Fig 1. Schematic representation of the activation of the stress response in skeletal muscle
Considerable data has been presented concerning the possibility that oxidative processes play important roles in the pathogenesis of many common disorders such as coronary heart disease and some cancers, in addition to a fundamental role in the ageing process.
Several theories of ageing have been proposed, but new techniques including molecular genetics and intervention studies in model organisms strongly support a role for reactive oxygen species and the stress response in modulation of the ageing process.
The Free Radical Theory of Ageing was first described by Harman (1956), and there now is considerable evidence that an accumulation of oxidative damage to lipids, proteins and DNA occurs in tissues of aged mammals, including skeletal muscle.
Recent transgenic and pharmacological interventions, which reduce oxidant damage to cells in model systems, appear to confirm the importance of this mechanism.
Transgenic approaches with genes such as superoxide dismutase and catalase involved in detoxifying superoxide and hydrogen peroxide in the mitochondria and cytosol and pharmacological approaches using mimetics of these antioxidant enzymes have shown that the endogenous production of ROS by normal physiological processes is a major limit to lifespan.
Stress (or heat shock) proteins are an important part of the cellular responses to free radicals and overexpression of specific HSPs protects cells against free radical-mediated pathology.
Lithgow and colleagues have demonstrated that these proteins play an important role in regulation of the ageing process in the model organism, Caenorhabditis elegans.
They reported that all naturally occurring mutants that demonstrate increased longevity also showed increased resistance to stress and analysis of these C. elegans mutants indicate that a proportion have an accumulation of HSPs.
These data, therefore, suggest that factors which modify oxidative stress or the response of the cell to oxidative stress may play a major role in modulating the ageing process and hence be important in maintenance of muscle function in skeletal muscle of aged individuals.
In summary, there is now considerable evidence that an increased production of free radicals plays a major role in activation of adaptive responses in skeletal muscle.

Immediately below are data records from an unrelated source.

lemma zrp_gap_le_quotient:
  assumes "\<And>x y. x \<in> V \<Longrightarrow> y \<in> V \<Longrightarrow> 0 \<le> P x y" "zrp_var V r f \<noteq> 0"
  shows "zrp_gap V P r \<le> zrp_dirichlet V P r f / zrp_var V r f"
  unfolding zrp_gap_def
proof (rule cInf_lower)
  show "bdd_below {zrp_dirichlet V P r f / zrp_var V r f | f. zrp_var V r f \<noteq> 0}"
    using zrp_dirichlet_nonneg[of V P, OF assms(1)] zrp_var_nonneg
    by (intro bdd_belowI[where m = 0]) (auto intro!: divide_nonneg_nonneg)
qed (use assms(2) in blast)

lemma zrp_gap_ge_of_poincare:
  assumes "\<exists>f. zrp_var V r f \<noteq> 0" "0 < c" "\<And>f. zrp_var V r f \<le> c * zrp_dirichlet V P r f"
  shows "1 / c \<le> zrp_gap V P r"
  unfolding zrp_gap_def
proof (rule cInf_greatest)
  fix q assume "q \<in> {zrp_dirichlet V P r f / zrp_var V r f | f. zrp_var V r f \<noteq> 0}"
  then obtain f where q: "q = zrp_dirichlet V P r f / zrp_var V r f" and "zrp_var V r f \<noteq> 0"
    by blast
  then have "0 < zrp_var V r f" using zrp_var_nonneg by (metis less_eq_real_def)
  then show "1 / c \<le> q"
    unfolding q using assms(2) assms(3)[of f] by (simp add: field_simps)
qed (use assms(1) in blast)

lemma zrp_relax_le_of_dirichlet_le:
  assumes P: "\<And>x y. x \<in> V \<Longrightarrow> y \<in> V \<Longrightarrow> 0 \<le> P x y"
    and gap: "0 < zrp_gap V P r" and C: "0 < C" and nontrivial: "\<exists>f. zrp_var V r f \<noteq> 0"
    and comparison: "\<And>f. zrp_dirichlet V P r f \<le> C * zrp_dirichlet V Q r f"
  shows "zrp_relax V Q r \<le> C * zrp_relax V P r"
proof -
  let ?g = "zrp_gap V P r"
  have "zrp_var V r f \<le> C / ?g * zrp_dirichlet V Q r f" for f
  proof (cases "zrp_var V r f = 0")
    case True
    have "0 \<le> C * zrp_dirichlet V Q r f"
      using zrp_dirichlet_nonneg[of V P, OF P] comparison by (rule order_trans)
    then show ?thesis using True C gap by (simp add: zero_le_mult_iff)
  next
    case False
    then have "?g * zrp_var V r f \<le> zrp_dirichlet V P r f"
      using zrp_gap_le_quotient[OF P False] zrp_var_nonneg[of V r f]
      by (simp add: le_divide_eq)
    then show ?thesis
      using comparison[of f] gap by (simp add: field_simps)
  qed
  then have "1 / (C / ?g) \<le> zrp_gap V Q r"
    using C gap nontrivial by (intro zrp_gap_ge_of_poincare) auto
  then have Q: "?g / C \<le> zrp_gap V Q r" by simp
  then have "0 < zrp_gap V Q r" using gap C by (meson divide_pos_pos less_le_trans)
  then show ?thesis using Q
    unfolding zrp_relax_def using C gap by (simp add: field_simps)
qed

section \<open>The complete graph\<close>

lemma zrp_var_le_dirichlet_of_hub:
  assumes V: "finite V" "v \<in> V" and p: "0 < p" "\<And>x. x \<in> V \<Longrightarrow> x \<noteq> v \<Longrightarrow> p \<le> P x v"
    and P: "\<And>x y. x \<in> V \<Longrightarrow> y \<in> V \<Longrightarrow> 0 \<le> P x y"
  shows "zrp_var V r f \<le> 4 ^ r / p * (2 * card (zrp_configs V r)) * zrp_dirichlet V P r f"
proof -
  let ?\<Omega> = "zrp_configs V r"
  define \<eta>\<^sub>0 where "\<eta>\<^sub>0 = (\<lambda>x. if x = v then r else 0)"
  define S where "S = 2 * card ?\<Omega> * zrp_dirichlet V P r f / p"
  have S: "0 \<le> S"
    unfolding S_def using zrp_dirichlet_nonneg[of V P, OF P] p by simp
  have jump: "(f (zrp_move \<eta> x v) - f \<eta>)\<^sup>2 \<le> S"
    if "\<eta> \<in> ?\<Omega>" "x \<in> V" "x \<noteq> v" "0 < \<eta> x" for \<eta> x
  proof -
    have "p * (f (zrp_move \<eta> x v) - f \<eta>)\<^sup>2 \<le> P x v * (f (zrp_move \<eta> x v) - f \<eta>)\<^sup>2"
      using p that by (intro mult_right_mono) auto
    also have "\<dots> \<le> 2 * card ?\<Omega> * zrp_dirichlet V P r f"
      using zrp_jump_le_dirichlet[where P = P, OF V(1) _ P] that V by (simp add: zrp_jumps_def)
    finally show ?thesis unfolding S_def using p by (simp add: field_simps)
  qed
  have to_hub: "(f \<eta> - f \<eta>\<^sub>0)\<^sup>2 \<le> 4 ^ (r - \<eta> v) * S" if "\<eta> \<in> ?\<Omega>" for \<eta>
    using that
  proof (induction "r - \<eta> v" arbitrary: \<eta>)
    case 0
    then have "\<eta> v = r" using zrp_configs_sum_remove[OF V 0(2)] by simp
    then have "\<eta> = \<eta>\<^sub>0"
      using zrp_configs_sum_remove[OF V 0(2)] 0(2) V(1)
      unfolding \<eta>\<^sub>0_def zrp_configs_def by (auto simp: fun_eq_iff)
    then show ?case using S by simp
  next
    case (Suc m)
    then have "(\<Sum>x\<in>V - {v}. \<eta> x) \<noteq> 0" using zrp_configs_sum_remove[OF V Suc(3)] by simp
    then obtain x where x: "x \<in> V" "x \<noteq> v" "0 < \<eta> x" by (metis DiffE gr0I singletonI sum.neutral)
    define \<eta>' where "\<eta>' = zrp_move \<eta> x v"
    have \<eta>': "\<eta>' \<in> ?\<Omega>"
      unfolding \<eta>'_def using V Suc(3) x by (intro zrp_move_in_zrp_configs) auto
    have "m = r - \<eta>' v" using Suc(2) x unfolding \<eta>'_def zrp_move_def by simp
    then have IH: "(f \<eta>' - f \<eta>\<^sub>0)\<^sup>2 \<le> 4 ^ m * S" using Suc(1) \<eta>' by blast
    have "2 * (f \<eta>' - f \<eta>)\<^sup>2 + 2 * (f \<eta>' - f \<eta>\<^sub>0)\<^sup>2 - (f \<eta> - f \<eta>\<^sub>0)\<^sup>2
        = (2 * f \<eta>' - f \<eta> - f \<eta>\<^sub>0)\<^sup>2"
      by (simp add: power2_eq_square algebra_simps)
    then have "(f \<eta> - f \<eta>\<^sub>0)\<^sup>2 \<le> 2 * (f \<eta>' - f \<eta>)\<^sup>2 + 2 * (f \<eta>' - f \<eta>\<^sub>0)\<^sup>2"
      by (metis diff_ge_0_iff_ge zero_le_power2)
    also have "\<dots> \<le> 2 * S + 2 * (4 ^ m * S)"
      using jump[OF Suc(3) x] IH unfolding \<eta>'_def by simp
    also have "\<dots> \<le> 4 ^ Suc m * S"
      using S mult_left_mono[OF one_le_power[of 4 m], of S] by simp
    finally show ?case using Suc(2) by simp
  qed
  have "zrp_var V r f \<le> (\<Sum>\<eta>\<in>?\<Omega>. (f \<eta> - f \<eta>\<^sub>0)\<^sup>2) / card ?\<Omega>"
    using V by (intro zrp_var_le_mean_sq_dist) auto
  also have "\<dots> \<le> (\<Sum>\<eta>\<in>?\<Omega>. 4 ^ r * S) / card ?\<Omega>"
    using to_hub S by (intro divide_right_mono sum_mono order_trans[OF to_hub] mult_right_mono) auto
  also have "\<dots> \<le> 4 ^ r * S" using S by simp
  finally show ?thesis unfolding S_def by (simp add: field_simps)
qed

lemma zrp_gap_pos_of_hub:
  assumes V: "finite V" "v \<in> V" and p: "0 < p" "\<And>x. x \<in> V \<Longrightarrow> x \<noteq> v \<Longrightarrow> p \<le> P x v"
    and P: "\<And>x y. x \<in> V \<Longrightarrow> y \<in> V \<Longrightarrow> 0 \<le> P x y" and nontrivial: "\<exists>f. zrp_var V r f \<noteq> 0"
  shows "0 < zrp_gap V P r"
proof -
  let ?c = "4 ^ r / p * (2 * card (zrp_configs V r))"
  have "0 < card (zrp_configs V r)" using V card_zrp_configs_pos by blast
  then have "0 < ?c" using p by simp
  then have "1 / ?c \<le> zrp_gap V P r"
    using zrp_var_le_dirichlet_of_hub[where P = P, OF V p P] nontrivial
    by (intro zrp_gap_ge_of_poincare) auto
  then show ?thesis using \<open>0 < ?c\<close> by (meson less_le_trans zero_less_divide_1_iff)
qed

lemma zrp_gap_complete_pos:
  assumes "2 \<le> n" "1 \<le> r"
  shows "0 < zrp_gap {0..<n} (complete_kernel n) r"
proof (rule zrp_gap_pos_of_hub[where v = 0 and p = "1 / (real n - 1)"])
  show "\<exists>f. zrp_var {0..<n} r f \<noteq> 0"
    using assms by (intro zrp_var_nonzero_exists[of _ 0 1]) auto
qed (use assms in \<open>auto simp: complete_kernel_def\<close>)

section \<open>Canonical paths on the torus\<close>

lemma finite_torus_vertices: "finite (torus_vertices d L)"
  and card_torus_vertices: "card (torus_vertices d L) = L ^ d"
proof -
  have "bij_betw (\<lambda>x. restrict x {..<d}) (torus_vertices d L) (PiE {..<d} (\<lambda>_. {..<L}))"
  proof (rule bij_betw_byWitness[where f' = "\<lambda>g i. if i < d then g i else 0"])
    show "(\<lambda>g i. if i < d then g i else 0) ` PiE {..<d} (\<lambda>_. {..<L}) \<subseteq> torus_vertices d L"
      unfolding torus_vertices_def by (auto simp: PiE_def Pi_def)
  qed (auto simp: torus_vertices_def PiE_def Pi_def extensional_def)
  then show "finite (torus_vertices d L)" "card (torus_vertices d L) = L ^ d"
    using bij_betw_finite bij_betw_same_card by (fastforce simp: card_PiE)+
qed

lemma zrp_var_nonzero_exists_torus:
  assumes "1 \<le> d" "2 \<le> L" "1 \<le> r"
  shows "\<exists>f. zrp_var (torus_vertices d L) r f \<noteq> 0"
proof -
  have "(\<lambda>_. 0) \<in> torus_vertices d L" "(\<lambda>i. if i = 0 then 1 else 0) \<in> torus_vertices d L"
    "(\<lambda>_. 0) \<noteq> (\<lambda>i::nat. if i = 0 then 1 else 0 :: nat)"
    using assms by (auto simp: torus_vertices_def fun_eq_iff)
  then show ?thesis using finite_torus_vertices assms(3) by (intro zrp_var_nonzero_exists)
qed

definition torus_step :: "nat \<Rightarrow> nat \<Rightarrow> (nat \<Rightarrow> nat) \<Rightarrow> nat \<Rightarrow> nat" where
  "torus_step L j u = u(j := (u j + 1) mod L)"

lemma torus_step_in_torus_vertices:
  "u \<in> torus_vertices d L \<Longrightarrow> j < d \<Longrightarrow> torus_step L j u \<in> torus_vertices d L"
  unfolding torus_vertices_def torus_step_def by auto

lemma torus_adj_torus_step: "j < d \<Longrightarrow> torus_adj d L u (torus_step L j u)"
  unfolding torus_adj_def torus_step_def by auto

lemma inj_on_torus_step:
  assumes "u \<in> torus_vertices d L" "2 \<le> L"
  shows "inj_on (\<lambda>j. torus_step L j u) {..<d}"
proof (rule inj_onI)
  fix i j assume i: "i \<in> {..<d}" and eq: "torus_step L i u = torus_step L j u"
  have "u i < L" using assms(1) i unfolding torus_vertices_def by auto
  then have "(u i + 1) mod L \<noteq> u i" using assms(2) by (cases "u i + 1 = L") auto
  then show "i = j" using fun_cong[OF eq, of i] unfolding torus_step_def by (auto split: if_splits)
qed

lemma sum_torus_step_indicator_le:
  assumes "x \<in> torus_vertices d L" "2 \<le> L"
  shows "(\<Sum>j<d. if y = torus_step L j x then 1 else 0 :: real) \<le> 2 * d * torus_kernel d L x y"
proof (cases "\<exists>j<d. y = torus_step L j x")
  case True
  then obtain j where j: "j < d" "y = torus_step L j x" by blast
  have "(\<Sum>i<d. if y = torus_step L i x then 1 else 0 :: real) = (\<Sum>i<d. if i = j then 1 else 0)"
    using inj_on_torus_step[OF assms] j by (intro sum.cong) (auto dest: inj_onD)
  also have "\<dots> = 2 * d * torus_kernel d L x y"
    using j torus_adj_torus_step[of j d L x] unfolding torus_kernel_def by simp
  finally show ?thesis by simp
next
  case False
  then show ?thesis by (simp add: torus_kernel_def)
qed

text \<open>The canonical path from x to y corrects the coordinates in increasing order, each by unit
  steps in the positive direction: torus_path L x y j s is the point reached after s of the
  torus_path_len L x y j steps in coordinate j.\<close>

definition torus_path :: "nat \<Rightarrow> (nat \<Rightarrow> nat) \<Rightarrow> (nat \<Rightarrow> nat) \<Rightarrow> nat \<Rightarrow> nat \<Rightarrow> nat \<Rightarrow> nat" where
  "torus_path L x y j s = (\<lambda>k. if k < j then y k else if k = j then (x j + s) mod L else x k)"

The production of free radicals is modified somewhat in muscle from older individuals and new evidence is emerging to suggest that the ability of muscle from older individuals to respond to stress is blunted.
It may be that the balance between pro-oxidant production and ability to mount a successful adaptive response is crucial in the ability of muscles to recover from damage and the changes in redox state of the muscle cells results in a vicious circle of events which result in development of the functional deficits which occur in our muscles as we age.